As I have blogged back in January, KBR filed a lawsuit in the Federal District Court for the Southern District of Texas seeking a declaratory judgment that would allow the company to exclude a shareholder proposal submitted by John Chevedden due to his alleged lack of eligibility. Yesterday, the court ruled in KBR’s favor, upholding the Apache decision from last year (which had been filed in the exact same court). We have posted the court’s memorandum and order in our “Shareholder Proposals” Practice Area.

Like Apache, KBR filed a lawsuit rather than attempt to exclude the proposal through the normal SEC channels (and thus challenging the Hain Celestial position of the Staff regarding the use of introductory letters from brokers as evidence of ownership under Rule 14a-8(b)).

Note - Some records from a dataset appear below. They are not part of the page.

(* Let $\beta=(\beta_1,\ldots,\beta_\ell)$ be a composition of $N$ and let $\mathcal{Q}_\beta$ be the corresponding parabolic subposet of $1<\cdots<N$. Then $\mathcal{P}\mapsto\mathrm{fat}_\beta(\mathcal{P})$ is a bijection from the set of subposets of the total order $1<2<\cdots<\ell$ onto the set of Levi compatible subposets of $\mathcal{Q}_\beta$.
   Context: Fix a prime power $q$ and the finite field $\mathbb{F}_q$; $\mathrm{GL}_N=\mathrm{GL}_N(\mathbb{F}_q)$. A subposet of a poset $(X,\prec_{\mathcal{R}})$ is a strict partial order $\prec_{\mathcal{P}}$ on the same set with $a\prec_{\mathcal{P}}b\Rightarrow a\prec_{\mathcal{R}}b$. For a subposet $\mathcal{R}$ of $1<\cdots<N$, $\mathfrak{ut}_{\mathcal{R}}=\{x\in M_N(\mathbb{F}_q)\mid x_{ab}\ne0\Rightarrow a\prec_{\mathcal{R}}b\}$ and $\mathrm{UT}_{\mathcal{R}}=\mathrm{Id}_N+\mathfrak{ut}_{\mathcal{R}}$. For a composition $\beta=(\beta_1,\ldots,\beta_\ell)$ of $N$ let $\mathcal{Q}_i=\{\beta_1+\cdots+\beta_{i-1}+1,\ldots,\beta_1+\cdots+\beta_i\}$, and let $\mathcal{Q}_\beta$ be the poset on $\{1,\ldots,N\}$ with $a\prec b$ iff $a\in\mathcal{Q}_i,b\in\mathcal{Q}_j$, $i<j$. Let $L_\beta\cong\mathrm{GL}_{\beta_1}\times\cdots\times\mathrm{GL}_{\beta_\ell}$ be the block-diagonal subgroup of $\mathrm{GL}_N$ with diagonal blocks indexed by $\mathcal{Q}_1,\ldots,\mathcal{Q}_\ell$. A subposet $\mathcal{R}$ of $\mathcal{Q}_\beta$ is Levi compatible if $L_\beta\subseteq N_{\mathrm{GL}_N}(\mathrm{UT}_{\mathcal{R}})$. For a subposet $\mathcal{P}$ of $1<\cdots<\ell$, $\mathrm{fat}_\beta(\mathcal{P})$ is the subposet of $\mathcal{Q}_\beta$ with $a\prec b$ iff $a\in\mathcal{Q}_i$, $b\in\mathcal{Q}_j$ with $i\prec_{\mathcal{P}}j$. *)

theory Defs
  imports "Jordan_Normal_Form.Matrix"
begin

definition strict_po :: "nat set \<Rightarrow> (nat \<times> nat) set \<Rightarrow> bool" where
  "strict_po X P \<longleftrightarrow> P \<subseteq> X \<times> X \<and> irrefl P \<and> trans P"

definition subposet :: "nat set \<Rightarrow> (nat \<times> nat) set \<Rightarrow> (nat \<times> nat) set \<Rightarrow> bool" where
  "subposet X P R \<longleftrightarrow> strict_po X P \<and> P \<subseteq> R"

definition chain_order :: "nat \<Rightarrow> (nat \<times> nat) set" where
  "chain_order n = {(a, b). 1 \<le> a \<and> a < b \<and> b \<le> n}"

definition composition :: "nat list \<Rightarrow> nat \<Rightarrow> bool" where
  "composition \<beta> N \<longleftrightarrow> (\<forall>b \<in> set \<beta>. 0 < b) \<and> sum_list \<beta> = N"

definition blk :: "nat list \<Rightarrow> nat \<Rightarrow> nat set" where
  "blk \<beta> i = {sum_list (take (i - 1) \<beta>) + 1 .. sum_list (take i \<beta>)}"

definition Qpos :: "nat list \<Rightarrow> (nat \<times> nat) set" where
  "Qpos \<beta> = {(a, b). \<exists>i j. 1 \<le> i \<and> i < j \<and> j \<le> length \<beta> \<and> a \<in> blk \<beta> i \<and> b \<in> blk \<beta> j}"

definition fat :: "nat list \<Rightarrow> (nat \<times> nat) set \<Rightarrow> (nat \<times> nat) set" where
  "fat \<beta> P = {(a, b). \<exists>i j. (i, j) \<in> P \<and> a \<in> blk \<beta> i \<and> b \<in> blk \<beta> j}"

(* Matrices are N x N matrices of Jordan_Normal_Form, indexed 0..N-1;
   the paper's row/column index a in {1..N} corresponds to index a - 1. *)

definition GL :: "nat \<Rightarrow> 'a::field mat set" where
  "GL N = {g \<in> carrier_mat N N. invertible_mat g}"
lemma card_subsets_Int_eq:
  assumes x: "x \<subseteq> U" "finite U" and j: "j \<le> w"
  shows "card {e. e \<subseteq> U \<and> card e = w \<and> card (e \<inter> x) = j} =
    (card x choose j) * ((card U - card x) choose (w - j))"
proof -
  have fx: "finite x" using x finite_subset by blast
  let ?S = "{e. e \<subseteq> U \<and> card e = w \<and> card (e \<inter> x) = j}"
  let ?T = "{A. A \<subseteq> x \<and> card A = j} \<times> {B. B \<subseteq> U - x \<and> card B = w - j}"
  have "bij_betw (\<lambda>e. (e \<inter> x, e - x)) ?S ?T"
  proof (rule bij_betw_byWitness[where f' = "\<lambda>(A, B). A \<union> B"])
    show "(\<lambda>e. (e \<inter> x, e - x)) ` ?S \<subseteq> ?T"
    proof (rule image_subsetI)
      fix e assume e: "e \<in> ?S"
      hence "finite e" using x finite_subset by blast
      hence "card (e - x) = card e - card (e \<inter> x)" by (simp add: card_Diff_subset_Int Diff_Int2)
      thus "(e \<inter> x, e - x) \<in> ?T" using e by auto
    qed
    show "(\<lambda>(A, B). A \<union> B) ` ?T \<subseteq> ?S"
    proof (rule image_subsetI)
      fix p assume "p \<in> ?T"
      then obtain A B where p: "p = (A, B)" and A: "A \<subseteq> x" "card A = j"
        and B: "B \<subseteq> U - x" "card B = w - j" by auto
      have "finite A" "finite B" using A B fx x finite_subset by blast+
      hence "card (A \<union> B) = card A + card B" using A B by (intro card_Un_disjoint) auto
      moreover have "(A \<union> B) \<inter> x = A" using A B by auto
      ultimately show "(case p of (A, B) \<Rightarrow> A \<union> B) \<in> ?S" using A B j x p by auto
    qed
  qed auto
  hence "card ?S = card ?T" by (rule bij_betw_same_card)
  also have "\<dots> = (card x choose j) * ((card U - card x) choose (w - j))"
    using fx x by (simp add: card_cartesian_product n_subsets card_Diff_subset)
  finally show ?thesis .
qed

lemma sum_character_weight_eq_krawtchouk:
  assumes x: "x \<subseteq> {..<n}"
  shows "(\<Sum>e\<in>{e\<in>vecs n. card e = w}. character e x) = real_of_int (krawtchouk n w (card x))"
proof -
  let ?S = "{e\<in>vecs n. card e = w}"
  have layer: "(\<lambda>e. card (e \<inter> x)) ` ?S \<subseteq> {0..w}"
    using finite_vec by (auto intro!: card_mono)
  have card_layer: "card {e \<in> vecs n. card e = w \<and> card (e \<inter> x) = j}
      = (card x choose j) * ((n - card x) choose (w - j))"
    if "j \<le> w" for j
  proof -
    have "{e \<in> vecs n. card e = w \<and> card (e \<inter> x) = j} = {e. e \<subseteq> {..<n} \<and> card e = w \<and> card (e \<inter> x) = j}"
      unfolding vecs_def by auto
    thus ?thesis using card_subsets_Int_eq[OF x _ that] by simp
  qed
  have "(\<Sum>e\<in>?S. character e x) = (\<Sum>j=0..w. \<Sum>e\<in>{e \<in> ?S. card (e \<inter> x) = j}. (-1::real) ^ card (e \<inter> x))"
    unfolding character_def by (rule sum.group[symmetric]) (use layer in auto)
  also have "\<dots> = (\<Sum>j=0..w. (-1) ^ j * real (card {e \<in> ?S. card (e \<inter> x) = j}))"
  proof (intro sum.cong refl)
    fix j
    have "(\<Sum>e\<in>{e \<in> ?S. card (e \<inter> x) = j}. (-1::real) ^ card (e \<inter> x))
        = (\<Sum>e\<in>{e \<in> ?S. card (e \<inter> x) = j}. (-1) ^ j)"
      by (rule sum.cong) auto
    thus "(\<Sum>e\<in>{e \<in> ?S. card (e \<inter> x) = j}. (-1::real) ^ card (e \<inter> x))
        = (-1) ^ j * real (card {e \<in> ?S. card (e \<inter> x) = j})" by simp
  qed
  also have "\<dots> = (\<Sum>j=0..w. (-1) ^ j * real ((card x choose j) * ((n - card x) choose (w - j))))"
    by (intro sum.cong refl) (simp add: card_layer)
  also have "\<dots> = real_of_int (krawtchouk n w (card x))"
    unfolding krawtchouk_def by (simp add: of_int_sum mult.assoc)
  finally show ?thesis .
qed
(* For every fixed $x\in\mathbb{R}$ and $A>1$ there exists $N_3>0$ depending only on $x$ and $A$ such that for all $n>N_3$ and all $w\in[1,A]$: $s_0/n<G_n(x)/2<AG_n(x)/2<\pi/2$ and $$D_n\big(wG_n(x)/2\big)\le e^{1-(w-1)\ln n}\,D_n\big(G_n(x)/2\big),$$ where $G_n(x)=\dfrac{8x-5\ln(2\ln n)}{2n(2\ln n)^{1/2}}+\dfrac{(32\ln n)^{1/2}}{n}$.
   Context: For $\alpha\in(0,\pi)$ let $D_n(\alpha)=\det_{1\le j,l\le n}\left(\frac{1}{2\pi}\int_\alpha^{2\pi-\alpha}e^{i(j-l)\theta}\,d\theta\right)$. By a result of Deift–Its–Krasovsky–Zhou there are constants $c_0\in\mathbb{R}$ and $s_0>0$ such that for every $\varepsilon>0$, uniformly in $s_0/n<\alpha<\pi-\varepsilon$, $$\ln D_n(\alpha)=n^2\ln\cos\frac{\alpha}{2}-\frac14\ln\Big(n\sin\frac{\alpha}{2}\Big)+c_0+O\Big(\frac{1}{n\sin(\alpha/2)}\Big);$$ $s_0$ denotes such a fixed constant. *)

theory Defs
  imports "HOL-Analysis.Analysis" "Jordan_Normal_Form.Determinant"
begin

text \<open>Toeplitz determinant D_n(alpha) with symbol the indicator of the arc [alpha, 2pi - alpha].
  Matrix indices run over 0..n-1 (only j - l matters). The determinant is real (the matrix is
  real symmetric), so we take its real part.\<close>

definition toeplitz_entry :: "real \<Rightarrow> nat \<Rightarrow> nat \<Rightarrow> complex" where
  "toeplitz_entry \<alpha> j l =
     complex_of_real (1 / (2 * pi)) *
     integral {\<alpha>..2 * pi - \<alpha>} (\<lambda>\<theta>. exp (\<i> * complex_of_real ((real j - real l) * \<theta>)))"

definition D :: "nat \<Rightarrow> real \<Rightarrow> real" where
  "D n \<alpha> = Re (Determinant.det (Matrix.mat n n (\<lambda>(j, l). toeplitz_entry \<alpha> j l)))"

definition G :: "nat \<Rightarrow> real \<Rightarrow> real" where
  "G n x = (8 * x - 5 * ln (2 * ln (real n))) / (2 * real n * sqrt (2 * ln (real n)))
           + sqrt (32 * ln (real n)) / real n"

end

theory Submission
  imports Defs "HOL-Real_Asymp.Real_Asymp"
begin

(*
  Since the arc is symmetric under theta |-> 2 pi - theta, the Toeplitz matrix is real and its
  quadratic form is 1/(2 pi) times the integral over the arc of |sum_j v_j exp(i j theta)|^2;
  a homotopy to the identity then gives D_n(alpha) >= 0. This sign information is essential:
  ln is totalised by ln x = ln |x|, so the DIKZ asymptotics alone only control |D_n|.

  The derivative of ln cos u is -tan u <= -u, so from G_n/2 to w G_n/2 the main term
  n^2 ln cos(alpha/2) drops by at least (w - 1) (n G_n / 4)^2, which is at least (w - 1) ln n
  because (n G_n)^2 ~ 32 ln n. The sine term only helps, the error terms C / (n sin(alpha/2))
  tend to 0, and the main term at G_n/2 tends to -infinity, which forces D_n(G_n/2) > 0, so the
  logarithmic estimate can be exponentiated.
*)

lemma continuous_on_det:
  fixes A :: "real \<Rightarrow> real mat"
  assumes carrier: "\<And>t. t \<in> S \<Longrightarrow> A t \<in> carrier_mat n n"
    and entries: "\<And>i j. i < n \<Longrightarrow> j < n \<Longrightarrow> continuous_on S (\<lambda>t. A t $$ (i, j))"
  shows "continuous_on S (\<lambda>t. det (A t))"
proof -
  have "continuous_on S (\<lambda>t. \<Sum>p \<in> {p. p permutes {0..<n}}. signof p * (\<Prod>i = 0..<n. A t $$ (i, p i)))"
    by (intro continuous_intros entries) (auto simp: permutes_in_image)
  moreover have "det (A t) = (\<Sum>p \<in> {p. p permutes {0..<n}}. signof p * (\<Prod>i = 0..<n. A t $$ (i, p i)))"
    if "t \<in> S" for t
    using det_def'[OF carrier[OF that]] .
  ultimately show ?thesis
    by (simp cong: continuous_on_cong)
qed
lemma beamsplitter_adag_error:
  assumes rank: "has_coherent_rank k \<psi>"
  shows "\<exists>C \<delta>. \<delta> > 0 \<and>
           (\<forall>\<epsilon>::real. \<epsilon> \<noteq> 0 \<and> \<bar>\<epsilon>\<bar> < \<delta> \<longrightarrow>
              (let d = (\<lambda>n. adag \<psi> n
                   - proj_aux_vac (beamsplitter (2 * \<epsilon>) 0 (tensor \<psi> (fock 1))) n / complex_of_real \<epsilon>)
               in summable (\<lambda>n. (cmod (d n))\<^sup>2) \<and> sqrt (normsq_l2 d) \<le> C * \<epsilon>\<^sup>2))"
proof -
  obtain c a where \<psi>: "\<psi> = (\<lambda>n. \<Sum>j<k. c j * coherent (a j) n)"
    using rank unfolding has_coherent_rank_def by blast
  define g where "g = (\<lambda>n. (2 * (real n + 1)) ^ 3 * exp (2 * (real n + 1)) * cmod (\<psi> (n - 1)))"
  have g: "summable (\<lambda>n. (g n)\<^sup>2)"
    unfolding g_def \<psi> by (rule summable_adag_error_weight[OF norm_coherent_sum_le])
  show ?thesis
  proof (rule exI[of _ "sqrt (\<Sum>n. (g n)\<^sup>2)"], rule exI[of _ 1], intro conjI allI impI)
    fix \<epsilon> :: real assume \<epsilon>: "\<epsilon> \<noteq> 0 \<and> \<bar>\<epsilon>\<bar> < 1"
    define d where "d = (\<lambda>n. adag \<psi> n
      - proj_aux_vac (beamsplitter (2 * \<epsilon>) 0 (tensor \<psi> (fock 1))) n / complex_of_real \<epsilon>)"
    have "cmod (d n) \<le> \<epsilon>\<^sup>2 * g n" for n
      unfolding d_def g_def using \<epsilon> by (intro beamsplitter_adag_error_le) auto
    then have "summable (\<lambda>n. (cmod (d n))\<^sup>2) \<and> sqrt (normsq_l2 d) \<le> \<epsilon>\<^sup>2 * sqrt (\<Sum>n. (g n)\<^sup>2)"
      by (rule l2_norm_le_of_pointwise_le[OF _ g]) simp
    then show "let d = (\<lambda>n. adag \<psi> n
                   - proj_aux_vac (beamsplitter (2 * \<epsilon>) 0 (tensor \<psi> (fock 1))) n / complex_of_real \<epsilon>)
               in summable (\<lambda>n. (cmod (d n))\<^sup>2) \<and> sqrt (normsq_l2 d) \<le> sqrt (\<Sum>n. (g n)\<^sup>2) * \<epsilon>\<^sup>2"
      unfolding d_def Let_def by (simp add: mult.commute)
  qed simp
qed

section \<open>Approximate coherent rank\<close>

lemma has_coherent_rank_add:
  assumes "has_coherent_rank k \<phi>" "has_coherent_rank m \<eta>"
  shows "has_coherent_rank (k + m) (\<lambda>n. \<phi> n + \<eta> n)"
proof -
  obtain c \<alpha> d \<beta> where \<phi>: "\<phi> = (\<lambda>n. \<Sum>j<k. c j * coherent (\<alpha> j) n)"
    and \<eta>: "\<eta> = (\<lambda>n. \<Sum>j<m. d j * coherent (\<beta> j) n)"
    using assms unfolding has_coherent_rank_def by blast
  define h where "h = (\<lambda>n j. (if j < k then c j else d (j - k))
                             * coherent (if j < k then \<alpha> j else \<beta> (j - k)) n)"
  have split: "(\<Sum>j<k + m'. h n j) = (\<Sum>j<k. h n j) + (\<Sum>j<m'. h n (k + j))" for n m'
    by (induction m') (simp_all add: add_ac)
  have "\<phi> n + \<eta> n = (\<Sum>j<k + m. h n j)" for n
    unfolding split \<phi> \<eta> by (auto simp: h_def intro!: sum.cong)
  then show ?thesis
    unfolding has_coherent_rank_def h_def
    by (intro exI[of _ "\<lambda>j. if j < k then c j else d (j - k)"]
        exI[of _ "\<lambda>j. if j < k then \<alpha> j else \<beta> (j - k)"]) auto
qed

definition power_diff_quotient :: "complex \<Rightarrow> complex \<Rightarrow> nat \<Rightarrow> complex" where
  "power_diff_quotient a t n = (\<Sum>i<n. (a + t) ^ i * a ^ (n - Suc i))"

lemma power_diff_quotient_eq: "t * power_diff_quotient a t n = (a + t) ^ n - a ^ n"
  using power_diff_sumr2[of "a + t" n a] unfolding power_diff_quotient_def by (simp add: mult_ac)

lemma power_diff_quotient_0: "power_diff_quotient a 0 n = of_nat n * a ^ (n - 1)"
proof -
  have "power_diff_quotient a 0 n = (\<Sum>i<n. a ^ (n - 1))"
    unfolding power_diff_quotient_def by (intro sum.cong refl) (simp flip: power_add)
  then show ?thesis by simp
qed

lemma norm_power_diff_quotient_le:
  assumes "cmod a \<le> R" "cmod (a + t) \<le> R" "1 \<le> R"
  shows "cmod (power_diff_quotient a t n) \<le> real n * R ^ n"
proof -
  have "cmod (power_diff_quotient a t n) \<le> (\<Sum>i<n. cmod ((a + t) ^ i * a ^ (n - Suc i)))"
    unfolding power_diff_quotient_def by (rule norm_sum)
  also have "\<dots> \<le> (\<Sum>i<n. R ^ n)"
  proof (rule sum_mono)
    fix i assume i: "i \<in> {..<n}"
    have "cmod ((a + t) ^ i * a ^ (n - Suc i)) \<le> R ^ i * R ^ (n - Suc i)"
      unfolding norm_mult norm_power using assms by (intro mult_mono power_mono) auto
    also have "\<dots> \<le> R ^ n"
      using i assms(3) by (auto simp flip: power_add intro: power_increasing)
    finally show "cmod ((a + t) ^ i * a ^ (n - Suc i)) \<le> R ^ n" .
  qed
  finally show ?thesis by simp
qed
lemma ball_exposures_eq_contrast_coeff_iff:
  assumes "z1 \<le> 1" "z0 \<le> 1" "e1 < k" "e0 < k" "(z1, e1) \<noteq> (z0, e0)"
  shows "(\<forall>(z, e)\<in>{..1} \<times> {..<k}. g z e = contrast_coeff n z1 e1 z0 e0 z e) \<longleftrightarrow>
    g z1 e1 = 1 / real n \<and> g z0 e0 = - (1 / real n) \<and>
    (\<forall>z\<le>1. \<forall>e<k. (z, e) \<notin> {(z0, e0), (z1, e1)} \<longrightarrow> g z e = 0)"
proof -
  have coeff1: "contrast_coeff n z1 e1 z0 e0 z1 e1 = 1 / real n"
    and coeff0: "contrast_coeff n z1 e1 z0 e0 z0 e0 = - (1 / real n)"
    and coeff_other: "(z, e) \<notin> {(z0, e0), (z1, e1)} \<Longrightarrow> contrast_coeff n z1 e1 z0 e0 z e = 0" for z e
    using assms(5) by (auto simp: contrast_coeff_def)
  have "(\<forall>(z, e)\<in>{..1} \<times> {..<k}. g z e = contrast_coeff n z1 e1 z0 e0 z e) \<longleftrightarrow>
      (\<forall>z\<le>1. \<forall>e<k. g z e = contrast_coeff n z1 e1 z0 e0 z e)"
    by auto
  also have "\<dots> \<longleftrightarrow> g z1 e1 = 1 / real n \<and> g z0 e0 = - (1 / real n) \<and>
    (\<forall>z\<le>1. \<forall>e<k. (z, e) \<notin> {(z0, e0), (z1, e1)} \<longrightarrow> g z e = 0)"
  proof
    assume "\<forall>z\<le>1. \<forall>e<k. g z e = contrast_coeff n z1 e1 z0 e0 z e"
    then show "g z1 e1 = 1 / real n \<and> g z0 e0 = - (1 / real n) \<and>
      (\<forall>z\<le>1. \<forall>e<k. (z, e) \<notin> {(z0, e0), (z1, e1)} \<longrightarrow> g z e = 0)"
      using assms(1-4) coeff1 coeff0 coeff_other by simp
  next
    assume conds: "g z1 e1 = 1 / real n \<and> g z0 e0 = - (1 / real n) \<and>
      (\<forall>z\<le>1. \<forall>e<k. (z, e) \<notin> {(z0, e0), (z1, e1)} \<longrightarrow> g z e = 0)"
    show "\<forall>z\<le>1. \<forall>e<k. g z e = contrast_coeff n z1 e1 z0 e0 z e"
    proof (intro allI impI)
      fix z e :: nat assume "z \<le> 1" "e < k"
      then show "g z e = contrast_coeff n z1 e1 z0 e0 z e"
        using conds coeff1 coeff0 coeff_other
        by (cases "(z, e) \<in> {(z0, e0), (z1, e1)}") auto
    qed
  qed
  finally show ?thesis .
qed

lemma unbiased_iff_exposure_weight_conditions:
  assumes "finite \<Omega>"
    and "\<forall>i<n. \<forall>zz\<in>\<Omega>. zz i \<le> 1 \<and> f i zz < K i"
    and "z1 \<le> 1" "z0 \<le> 1" "\<forall>i<n. e1 < K i \<and> e0 < K i" "(z1, e1) \<noteq> (z0, e0)"
  shows "(\<forall>Y. expected_estimate n \<Omega> p f w Y = estimand n Y z1 e1 z0 e0) \<longleftrightarrow>
    (\<forall>i<n. exposure_weight_mass \<Omega> p f w i z1 e1 = 1 / real n \<and>
      exposure_weight_mass \<Omega> p f w i z0 e0 = - (1 / real n) \<and>
      (\<forall>z\<le>1. \<forall>e<K i. (z, e) \<notin> {(z0, e0), (z1, e1)} \<longrightarrow> exposure_weight_mass \<Omega> p f w i z e = 0))"
    (is "_ \<longleftrightarrow> (\<forall>i<n. ?conditions i)")
proof -
  have "(\<forall>Y. expected_estimate n \<Omega> p f w Y = estimand n Y z1 e1 z0 e0) \<longleftrightarrow>
      (\<forall>i<n. \<forall>(z, e)\<in>{..1} \<times> {..<K i}.
        exposure_weight_mass \<Omega> p f w i z e = contrast_coeff n z1 e1 z0 e0 z e)"
    by (rule unbiased_iff_exposure_weight_mass_eq_contrast_coeff) (use assms in auto)
  also have "\<dots> \<longleftrightarrow> (\<forall>i<n. ?conditions i)"
  proof -
    have "(\<forall>(z, e)\<in>{..1} \<times> {..<K i}.
        exposure_weight_mass \<Omega> p f w i z e = contrast_coeff n z1 e1 z0 e0 z e) \<longleftrightarrow> ?conditions i"
      if "i < n" for i
      using assms(5) that by (intro ball_exposures_eq_contrast_coeff_iff assms(3,4,6)) auto
    then show ?thesis
      by blast
  qed
  finally show ?thesis .
qed

theorem theorem3:
  fixes n :: nat
    and \<Omega> :: "(nat \<Rightarrow> nat) set"
    and p :: "(nat \<Rightarrow> nat) \<Rightarrow> real"
    and N :: "nat \<Rightarrow> nat set"
    and K :: "nat \<Rightarrow> nat"
    and f :: "nat \<Rightarrow> (nat \<Rightarrow> nat) \<Rightarrow> nat"
    and w :: "nat \<Rightarrow> (nat \<Rightarrow> nat) \<Rightarrow> real"
    and z1 e1 z0 e0 :: nat
  assumes n_pos: "n \<ge> 1"
    and \<Omega>_sub: "\<Omega> \<subseteq> treatment_vectors n"
    and p_nonneg: "\<forall>zz\<in>\<Omega>. p zz \<ge> 0"
    and p_sum: "(\<Sum>zz\<in>\<Omega>. p zz) = 1"
    and N_sub: "\<forall>i<n. N i \<subseteq> {0..<n} - {i}"
    and f_local: "\<forall>i<n. \<forall>zz zz'. (\<forall>j\<in>N i. zz j = zz' j) \<longrightarrow> f i zz = f i zz'"
    and f_range: "\<forall>i<n. \<forall>zz\<in>treatment_vectors n. f i zz < K i"
    and f_onto: "\<forall>i<n. \<forall>e<K i. \<exists>zz\<in>treatment_vectors n. f i zz = e"
    and z1_bin: "z1 \<le> 1" and z0_bin: "z0 \<le> 1"
    and e_lvl: "\<forall>i<n. e1 < K i \<and> e0 < K i"
    and distinct: "(z1, e1) \<noteq> (z0, e0)"
  shows "(\<forall>Y. expected_estimate n \<Omega> p f w Y = estimand n Y z1 e1 z0 e0) \<longleftrightarrow>
    ((\<forall>i<n. 0 < pi_i \<Omega> p f i z1 e1 \<and> pi_i \<Omega> p f i z1 e1 < 1 \<and>
            0 < pi_i \<Omega> p f i z0 e0 \<and> pi_i \<Omega> p f i z0 e0 < 1) \<and>
     (\<forall>i<n. (\<Sum>zz\<in>Omega_i \<Omega> f i z1 e1. w i zz * p zz) = 1 / real n \<and>
            (\<Sum>zz\<in>Omega_i \<Omega> f i z0 e0. w i zz * p zz) = - (1 / real n) \<and>
            (\<forall>z\<le>1. \<forall>e<K i. (z, e) \<notin> {(z0, e0), (z1, e1)} \<longrightarrow>
               (\<Sum>zz\<in>Omega_i \<Omega> f i z e. w i zz * p zz) = 0)))"
proof -
  have fin: "finite \<Omega>"
    using \<Omega>_sub finite_treatment_vectors finite_subset by blast
  have exposures: "\<forall>i<n. \<forall>zz\<in>\<Omega>. zz i \<le> 1 \<and> f i zz < K i"
  proof (intro allI impI ballI)
    fix i zz assume "i < n" "zz \<in> \<Omega>"
    moreover from this(2) have "zz \<in> treatment_vectors n"
      using \<Omega>_sub by blast
    ultimately show "zz i \<le> 1 \<and> f i zz < K i"
      using f_range by (simp add: treatment_vectors_def)
  qed
  have positivity: "0 < pi_i \<Omega> p f i z1 e1 \<and> pi_i \<Omega> p f i z1 e1 < 1 \<and>
      0 < pi_i \<Omega> p f i z0 e0 \<and> pi_i \<Omega> p f i z0 e0 < 1"
    if "exposure_weight_mass \<Omega> p f w i z1 e1 = 1 / real n"
      "exposure_weight_mass \<Omega> p f w i z0 e0 = - (1 / real n)" for i
    using pi_i_strictly_between_if_exposure_weight_masses_nonzero[OF fin p_nonneg p_sum distinct, of f w i]
      that n_pos by simp
  show ?thesis
    unfolding exposure_weight_mass_def[symmetric]
      unbiased_iff_exposure_weight_conditions[OF fin exposures z1_bin z0_bin e_lvl distinct]
    using positivity by blast
qed

end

Dodd-Frank: A Rulemaking Progress Report

Check out this nifty progress report from Davis Polk regarding all of the various agencies engaged in Dodd-Frank rulemaking. The charts help tell a story…

How Many Chiefs of Corp Fin’s Office of International Corporate Finance? Four

Last month, I posted a poll asking how many Chiefs of OICF have there been over the years. 14% guessed the correct number of four (23% guessed two; 23% guessed three; 22% guessed five; and 17% guessed 67). The four consist of Carl Bodolus (’73-’88), Sara Hanks (’88-’90), Rich Kosnik (’90-’93) and Paul Dudek (’93-current).

I received quite a few emails from folks remembering Carl, the founder of the office, including the fact that he was an incessant chain smoker that he literally lit one cigarette with the last vestiges of the prior cigarette (those were the days when smoking anywhere in the building was permitted).

In his “Proxy Disclosure Blog,” Mark Borges gives us the latest say-when-on-pay stats: with 1349 companies filing their proxies, 42% triennial; 4% biennial; 51% annual; and 4% no recommendation.